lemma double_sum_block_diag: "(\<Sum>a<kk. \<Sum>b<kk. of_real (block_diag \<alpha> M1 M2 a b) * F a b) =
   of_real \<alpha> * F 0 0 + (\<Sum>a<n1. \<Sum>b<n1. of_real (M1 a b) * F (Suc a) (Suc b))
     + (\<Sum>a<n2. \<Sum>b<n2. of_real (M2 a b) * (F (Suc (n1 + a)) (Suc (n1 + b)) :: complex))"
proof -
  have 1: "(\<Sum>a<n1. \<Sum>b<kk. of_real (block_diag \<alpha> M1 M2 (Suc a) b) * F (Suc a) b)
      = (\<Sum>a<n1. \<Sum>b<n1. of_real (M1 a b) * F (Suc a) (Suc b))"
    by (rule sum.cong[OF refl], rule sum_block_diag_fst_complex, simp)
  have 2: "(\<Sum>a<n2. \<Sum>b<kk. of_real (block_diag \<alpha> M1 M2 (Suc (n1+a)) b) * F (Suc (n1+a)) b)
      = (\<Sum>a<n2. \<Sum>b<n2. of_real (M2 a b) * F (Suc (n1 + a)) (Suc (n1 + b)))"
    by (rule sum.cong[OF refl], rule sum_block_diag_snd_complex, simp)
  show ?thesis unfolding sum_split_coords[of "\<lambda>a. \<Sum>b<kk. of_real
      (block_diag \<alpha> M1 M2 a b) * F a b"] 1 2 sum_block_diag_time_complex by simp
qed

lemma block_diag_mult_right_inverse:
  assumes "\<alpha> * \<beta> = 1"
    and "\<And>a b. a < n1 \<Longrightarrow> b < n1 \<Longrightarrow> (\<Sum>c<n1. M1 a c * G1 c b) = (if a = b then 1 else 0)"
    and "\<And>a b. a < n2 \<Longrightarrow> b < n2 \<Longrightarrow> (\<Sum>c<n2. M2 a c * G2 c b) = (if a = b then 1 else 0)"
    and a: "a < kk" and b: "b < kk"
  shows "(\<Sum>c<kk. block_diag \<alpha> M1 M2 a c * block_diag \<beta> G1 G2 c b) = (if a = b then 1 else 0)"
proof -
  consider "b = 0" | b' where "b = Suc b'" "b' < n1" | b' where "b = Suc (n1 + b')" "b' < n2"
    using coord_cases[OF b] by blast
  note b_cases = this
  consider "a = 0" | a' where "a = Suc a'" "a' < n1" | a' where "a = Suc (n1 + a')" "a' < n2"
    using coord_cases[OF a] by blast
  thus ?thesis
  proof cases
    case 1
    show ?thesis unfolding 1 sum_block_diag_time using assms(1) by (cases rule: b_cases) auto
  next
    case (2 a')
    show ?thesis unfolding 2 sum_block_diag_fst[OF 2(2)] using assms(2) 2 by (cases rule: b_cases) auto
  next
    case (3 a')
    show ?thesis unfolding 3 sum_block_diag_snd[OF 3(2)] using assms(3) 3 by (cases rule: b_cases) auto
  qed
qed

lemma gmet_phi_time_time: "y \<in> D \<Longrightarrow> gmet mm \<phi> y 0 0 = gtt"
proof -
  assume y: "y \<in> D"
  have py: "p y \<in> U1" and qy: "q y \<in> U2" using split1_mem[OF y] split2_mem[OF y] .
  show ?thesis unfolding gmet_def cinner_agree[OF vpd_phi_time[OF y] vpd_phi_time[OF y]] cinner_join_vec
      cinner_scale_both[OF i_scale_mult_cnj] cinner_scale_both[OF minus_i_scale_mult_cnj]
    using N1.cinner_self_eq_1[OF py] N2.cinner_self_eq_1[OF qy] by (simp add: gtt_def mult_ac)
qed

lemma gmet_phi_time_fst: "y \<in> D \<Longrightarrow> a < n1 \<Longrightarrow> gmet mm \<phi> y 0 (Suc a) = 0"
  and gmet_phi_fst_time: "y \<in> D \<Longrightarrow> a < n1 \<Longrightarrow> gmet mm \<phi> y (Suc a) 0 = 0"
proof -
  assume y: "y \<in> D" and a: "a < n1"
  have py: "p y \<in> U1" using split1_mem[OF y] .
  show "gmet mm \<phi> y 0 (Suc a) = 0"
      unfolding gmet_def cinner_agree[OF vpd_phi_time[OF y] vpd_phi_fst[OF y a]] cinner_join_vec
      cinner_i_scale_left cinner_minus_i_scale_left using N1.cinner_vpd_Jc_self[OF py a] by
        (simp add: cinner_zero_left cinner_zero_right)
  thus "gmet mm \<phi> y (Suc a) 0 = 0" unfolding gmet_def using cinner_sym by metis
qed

───

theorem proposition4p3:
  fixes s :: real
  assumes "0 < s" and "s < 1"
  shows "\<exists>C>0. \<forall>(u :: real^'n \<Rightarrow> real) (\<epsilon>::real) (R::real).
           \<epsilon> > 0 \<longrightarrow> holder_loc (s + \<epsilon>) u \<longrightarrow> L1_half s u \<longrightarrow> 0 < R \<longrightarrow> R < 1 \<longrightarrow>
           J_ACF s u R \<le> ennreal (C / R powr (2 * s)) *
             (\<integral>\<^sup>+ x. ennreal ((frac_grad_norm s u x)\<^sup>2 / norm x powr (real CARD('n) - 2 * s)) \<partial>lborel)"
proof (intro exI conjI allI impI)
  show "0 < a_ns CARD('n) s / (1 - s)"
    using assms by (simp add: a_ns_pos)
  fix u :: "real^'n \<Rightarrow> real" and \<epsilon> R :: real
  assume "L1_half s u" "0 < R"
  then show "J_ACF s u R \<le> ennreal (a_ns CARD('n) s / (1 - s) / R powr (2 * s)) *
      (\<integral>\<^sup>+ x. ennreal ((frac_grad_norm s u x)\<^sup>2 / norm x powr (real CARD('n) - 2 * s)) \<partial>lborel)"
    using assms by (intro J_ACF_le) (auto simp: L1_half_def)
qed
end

───

Whenever a line in the material contains the word "assms", copy that line.

    show ?thesis unfolding 1 sum_block_diag_time using assms(1) by (cases rule: b_cases) auto
    show ?thesis unfolding 2 sum_block_diag_fst[OF 2(2)] using assms(2) 2 by (cases rule: b_cases) auto
    show ?thesis unfolding 3 sum_block_diag_snd[OF 3(2)] using assms(3) 3 by (cases rule: b_cases) auto
    using assms by (simp add: a_ns_pos)
    using assms by (intro J_ACF_le) (auto simp: L1_half_def)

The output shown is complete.